Collected data
'''

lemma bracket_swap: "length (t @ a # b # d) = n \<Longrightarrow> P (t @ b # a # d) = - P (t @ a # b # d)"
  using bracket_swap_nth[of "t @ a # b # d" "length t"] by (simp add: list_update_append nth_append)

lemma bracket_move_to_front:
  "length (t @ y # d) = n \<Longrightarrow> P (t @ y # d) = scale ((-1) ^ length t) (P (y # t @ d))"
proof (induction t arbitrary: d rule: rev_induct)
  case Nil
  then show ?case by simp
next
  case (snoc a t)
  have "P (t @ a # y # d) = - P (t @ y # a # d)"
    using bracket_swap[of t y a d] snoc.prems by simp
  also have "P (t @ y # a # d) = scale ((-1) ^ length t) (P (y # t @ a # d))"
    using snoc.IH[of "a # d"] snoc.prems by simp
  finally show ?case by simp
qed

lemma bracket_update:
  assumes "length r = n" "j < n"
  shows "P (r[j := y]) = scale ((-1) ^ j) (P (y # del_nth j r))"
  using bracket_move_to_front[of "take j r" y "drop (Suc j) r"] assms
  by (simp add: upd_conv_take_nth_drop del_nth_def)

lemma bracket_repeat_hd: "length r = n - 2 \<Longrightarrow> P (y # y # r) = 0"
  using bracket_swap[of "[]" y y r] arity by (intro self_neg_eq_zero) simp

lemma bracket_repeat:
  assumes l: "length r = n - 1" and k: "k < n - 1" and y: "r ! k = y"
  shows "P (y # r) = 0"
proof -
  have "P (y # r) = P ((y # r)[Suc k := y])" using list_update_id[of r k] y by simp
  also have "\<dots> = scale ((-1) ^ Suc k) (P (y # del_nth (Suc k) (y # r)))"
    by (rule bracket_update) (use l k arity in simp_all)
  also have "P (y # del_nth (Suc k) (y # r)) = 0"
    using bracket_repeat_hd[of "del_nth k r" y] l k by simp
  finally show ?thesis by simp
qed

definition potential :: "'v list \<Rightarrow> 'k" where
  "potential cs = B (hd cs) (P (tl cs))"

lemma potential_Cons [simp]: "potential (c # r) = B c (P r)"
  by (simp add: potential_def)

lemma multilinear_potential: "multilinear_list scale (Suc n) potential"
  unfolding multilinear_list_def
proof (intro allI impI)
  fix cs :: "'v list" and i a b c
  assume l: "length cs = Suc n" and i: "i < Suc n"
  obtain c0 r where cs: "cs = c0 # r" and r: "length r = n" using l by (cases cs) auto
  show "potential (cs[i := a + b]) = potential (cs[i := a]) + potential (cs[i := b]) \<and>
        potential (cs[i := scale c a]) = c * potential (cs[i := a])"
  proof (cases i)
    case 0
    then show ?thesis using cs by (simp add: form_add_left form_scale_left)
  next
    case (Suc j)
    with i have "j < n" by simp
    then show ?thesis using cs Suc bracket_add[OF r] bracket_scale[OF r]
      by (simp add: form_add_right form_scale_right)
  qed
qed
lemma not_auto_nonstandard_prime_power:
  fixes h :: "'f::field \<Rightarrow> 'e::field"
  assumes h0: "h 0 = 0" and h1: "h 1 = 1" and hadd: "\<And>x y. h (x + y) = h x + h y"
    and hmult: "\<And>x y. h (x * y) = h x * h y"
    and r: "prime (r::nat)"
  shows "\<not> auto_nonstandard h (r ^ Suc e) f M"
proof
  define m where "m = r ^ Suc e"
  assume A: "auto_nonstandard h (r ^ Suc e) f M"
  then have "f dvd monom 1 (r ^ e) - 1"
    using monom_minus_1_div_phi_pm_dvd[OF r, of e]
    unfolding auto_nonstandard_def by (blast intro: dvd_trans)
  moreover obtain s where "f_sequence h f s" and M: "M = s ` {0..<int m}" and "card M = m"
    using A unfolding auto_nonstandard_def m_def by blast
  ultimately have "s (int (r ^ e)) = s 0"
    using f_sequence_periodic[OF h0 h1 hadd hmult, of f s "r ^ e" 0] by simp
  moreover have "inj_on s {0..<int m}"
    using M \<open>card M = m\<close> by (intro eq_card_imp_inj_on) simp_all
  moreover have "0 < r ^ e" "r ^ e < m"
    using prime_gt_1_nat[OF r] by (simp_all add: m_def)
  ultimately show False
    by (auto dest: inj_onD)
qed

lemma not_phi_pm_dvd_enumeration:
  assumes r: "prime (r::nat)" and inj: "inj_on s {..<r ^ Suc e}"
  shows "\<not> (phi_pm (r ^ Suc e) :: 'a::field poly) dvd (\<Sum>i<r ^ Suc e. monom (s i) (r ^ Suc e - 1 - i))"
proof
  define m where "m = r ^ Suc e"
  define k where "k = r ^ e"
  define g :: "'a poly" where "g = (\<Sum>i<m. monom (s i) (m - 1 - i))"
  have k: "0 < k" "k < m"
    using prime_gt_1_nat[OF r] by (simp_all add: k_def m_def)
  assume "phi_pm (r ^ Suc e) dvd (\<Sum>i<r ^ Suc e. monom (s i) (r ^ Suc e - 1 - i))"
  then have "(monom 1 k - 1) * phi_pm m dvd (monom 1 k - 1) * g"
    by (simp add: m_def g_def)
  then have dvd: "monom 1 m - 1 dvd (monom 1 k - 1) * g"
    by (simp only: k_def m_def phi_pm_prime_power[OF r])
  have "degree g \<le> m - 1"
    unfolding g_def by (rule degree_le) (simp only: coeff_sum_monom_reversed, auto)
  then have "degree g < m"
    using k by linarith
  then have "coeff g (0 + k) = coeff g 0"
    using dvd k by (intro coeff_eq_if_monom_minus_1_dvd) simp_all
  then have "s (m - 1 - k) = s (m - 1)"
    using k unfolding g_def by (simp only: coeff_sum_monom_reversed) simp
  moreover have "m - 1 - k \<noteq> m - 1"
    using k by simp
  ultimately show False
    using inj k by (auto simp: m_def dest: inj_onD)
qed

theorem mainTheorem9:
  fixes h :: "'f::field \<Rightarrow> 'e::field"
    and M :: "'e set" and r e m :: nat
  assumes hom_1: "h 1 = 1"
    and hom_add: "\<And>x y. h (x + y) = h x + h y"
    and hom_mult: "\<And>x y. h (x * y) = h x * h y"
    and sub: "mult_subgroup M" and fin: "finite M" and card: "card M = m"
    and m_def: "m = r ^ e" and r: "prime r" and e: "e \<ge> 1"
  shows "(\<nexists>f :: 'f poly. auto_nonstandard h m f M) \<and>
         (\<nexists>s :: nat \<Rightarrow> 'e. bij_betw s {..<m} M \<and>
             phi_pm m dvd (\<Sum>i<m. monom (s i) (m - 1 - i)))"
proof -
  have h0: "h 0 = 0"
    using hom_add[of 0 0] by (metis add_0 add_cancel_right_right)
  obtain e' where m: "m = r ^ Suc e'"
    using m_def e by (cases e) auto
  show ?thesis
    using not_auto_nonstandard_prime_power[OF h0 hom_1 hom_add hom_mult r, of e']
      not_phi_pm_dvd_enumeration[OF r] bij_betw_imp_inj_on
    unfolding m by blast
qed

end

'''

What you need to do
From the first line to the last, repeat the records exactly.

Reply
lemma bracket_swap: "length (t @ a # b # d) = n \<Longrightarrow> P (t @ b # a # d) = - P (t @ a # b # d)"
  using bracket_swap_nth[of "t @ a # b # d" "length t"] by (simp add: list_update_append nth_append)

lemma bracket_move_to_front:
  "length (t @ y # d) = n \<Longrightarrow> P (t @ y # d) = scale ((-1) ^ length t) (P (y # t @ d))"
proof (induction t arbitrary: d rule: rev_induct)
  case Nil
  then show ?case by simp
next
  case (snoc a t)
  have "P (t @ a # y # d) = - P (t @ y # a # d)"
    using bracket_swap[of t y a d] snoc.prems by simp
  also have "P (t @ y # a # d) = scale ((-1) ^ length t) (P (y # t @ a # d))"
    using snoc.IH[of "a # d"] snoc.prems by simp
  finally show ?case by simp
qed

lemma bracket_update:
  assumes "length r = n" "j < n"
  shows "P (r[j := y]) = scale ((-1) ^ j) (P (y # del_nth j r))"
  using bracket_move_to_front[of "take j r" y "drop (Suc j) r"] assms
  by (simp add: upd_conv_take_nth_drop del_nth_def)

lemma bracket_repeat_hd: "length r = n - 2 \<Longrightarrow> P (y # y # r) = 0"
  using bracket_swap[of "[]" y y r] arity by (intro self_neg_eq_zero) simp

lemma bracket_repeat:
  assumes l: "length r = n - 1" and k: "k < n - 1" and y: "r ! k = y"
  shows "P (y # r) = 0"
proof -
  have "P (y # r) = P ((y # r)[Suc k := y])" using list_update_id[of r k] y by simp
  also have "\<dots> = scale ((-1) ^ Suc k) (P (y # del_nth (Suc k) (y # r)))"
    by (rule bracket_update) (use l k arity in simp_all)
  also have "P (y # del_nth (Suc k) (y # r)) = 0"
    using bracket_repeat_hd[of "del_nth k r" y] l k by simp
  finally show ?thesis by simp
qed

definition potential :: "'v list \<Rightarrow> 'k" where
  "potential cs = B (hd cs) (P (tl cs))"

lemma potential_Cons [simp]: "potential (c # r) = B c (P r)"
  by (simp add: potential_def)

lemma multilinear_potential: "multilinear_list scale (Suc n) potential"
  unfolding multilinear_list_def
proof (intro allI impI)
  fix cs :: "'v list" and i a b c
  assume l: "length cs = Suc n" and i: "i < Suc n"
  obtain c0 r where cs: "cs = c0 # r" and r: "length r = n" using l by (cases cs) auto
  show "potential (cs[i := a + b]) = potential (cs[i := a]) + potential (cs[i := b]) \<and>
        potential (cs[i := scale c a]) = c * potential (cs[i := a])"
  proof (cases i)
    case 0
    then show ?thesis using cs by (simp add: form_add_left form_scale_left)
  next
    case (Suc j)
    with i have "j < n" by simp
    then show ?thesis using cs Suc bracket_add[OF r] bracket_scale[OF r]
      by (simp add: form_add_right form_scale_right)
  qed
qed
lemma not_auto_nonstandard_prime_power:
  fixes h :: "'f::field \<Rightarrow> 'e::field"
  assumes h0: "h 0 = 0" and h1: "h 1 = 1" and hadd: "\<And>x y. h (x + y) = h x + h y"
    and hmult: "\<And>x y. h (x * y) = h x * h y"
    and r: "prime (r::nat)"
  shows "\<not> auto_nonstandard h (r ^ Suc e) f M"
proof
  define m where "m = r ^ Suc e"
  assume A: "auto_nonstandard h (r ^ Suc e) f M"
  then have "f dvd monom 1 (r ^ e) - 1"
    using monom_minus_1_div_phi_pm_dvd[OF r, of e]
    unfolding auto_nonstandard_def by (blast intro: dvd_trans)
  moreover obtain s where "f_sequence h f s" and M: "M = s ` {0..<int m}" and "card M = m"
    using A unfolding auto_nonstandard_def m_def by blast
  ultimately have "s (int (r ^ e)) = s 0"
    using f_sequence_periodic[OF h0 h1 hadd hmult, of f s "r ^ e" 0] by simp
  moreover have "inj_on s {0..<int m}"
    using M \<open>card M = m\<close> by (intro eq_card_imp_inj_on) simp_all
  moreover have "0 < r ^ e" "r ^ e < m"
    using prime_gt_1_nat[OF r] by (simp_all add: m_def)
  ultimately show False
    by (auto dest: inj_onD)
qed

lemma not_phi_pm_dvd_enumeration:
  assumes r: "prime (r::nat)" and inj: "inj_on s {..<r ^ Suc e}"
  shows "\<not> (phi_pm (r ^ Suc e) :: 'a::field poly) dvd (\<Sum>i<r ^ Suc e. monom (s i) (r ^ Suc e - 1 - i))"
proof
  define m where "m = r ^ Suc e"
  define k where "k = r ^ e"
  define g :: "'a poly" where "g = (\<Sum>i<m. monom (s i) (m - 1 - i))"
  have k: "0 < k" "k < m"
    using prime_gt_1_nat[OF r] by (simp_all add: k_def m_def)
  assume "phi_pm (r ^ Suc e) dvd (\<Sum>i<r ^ Suc e. monom (s i) (r ^ Suc e - 1 - i))"
  then have "(monom 1 k - 1) * phi_pm m dvd (monom 1 k - 1) * g"
    by (simp add: m_def g_def)
  then have dvd: "monom 1 m - 1 dvd (monom 1 k - 1) * g"
    by (simp only: k_def m_def phi_pm_prime_power[OF r])
  have "degree g \<le> m - 1"
    unfolding g_def by (rule degree_le) (simp only: coeff_sum_monom_reversed, auto)
  then have "degree g < m"
    using k by linarith
  then have "coeff g (0 + k) = coeff g 0"
    using dvd k by (intro coeff_eq_if_monom_minus_1_dvd) simp_all
  then have "s (m - 1 - k) = s (m - 1)"
    using k unfolding g_def by (simp only: coeff_sum_monom_reversed) simp
  moreover have "m - 1 - k \<noteq> m - 1"
    using k by simp
  ultimately show False
    using inj k by (auto simp: m_def dest: inj_onD)
qed

theorem mainTheorem9:
  fixes h :: "'f::field \<Rightarrow> 'e::field"
    and M :: "'e set" and r e m :: nat
  assumes hom_1: "h 1 = 1"
    and hom_add: "\<And>x y. h (x + y) = h x + h y"
    and hom_mult: "\<And>x y. h (x * y) = h x * h y"
    and sub: "mult_subgroup M" and fin: "finite M" and card: "card M = m"
    and m_def: "m = r ^ e" and r: "prime r" and e: "e \<ge> 1"
  shows "(\<nexists>f :: 'f poly. auto_nonstandard h m f M) \<and>
         (\<nexists>s :: nat \<Rightarrow> 'e. bij_betw s {..<m} M \<and>
             phi_pm m dvd (\<Sum>i<m. monom (s i) (m - 1 - i)))"
proof -
  have h0: "h 0 = 0"
    using hom_add[of 0 0] by (metis add_0 add_cancel_right_right)
  obtain e' where m: "m = r ^ Suc e'"
    using m_def e by (cases e) auto
  show ?thesis
    using not_auto_nonstandard_prime_power[OF h0 hom_1 hom_add hom_mult r, of e']
      not_phi_pm_dvd_enumeration[OF r] bij_betw_imp_inj_on
    unfolding m by blast
qed

end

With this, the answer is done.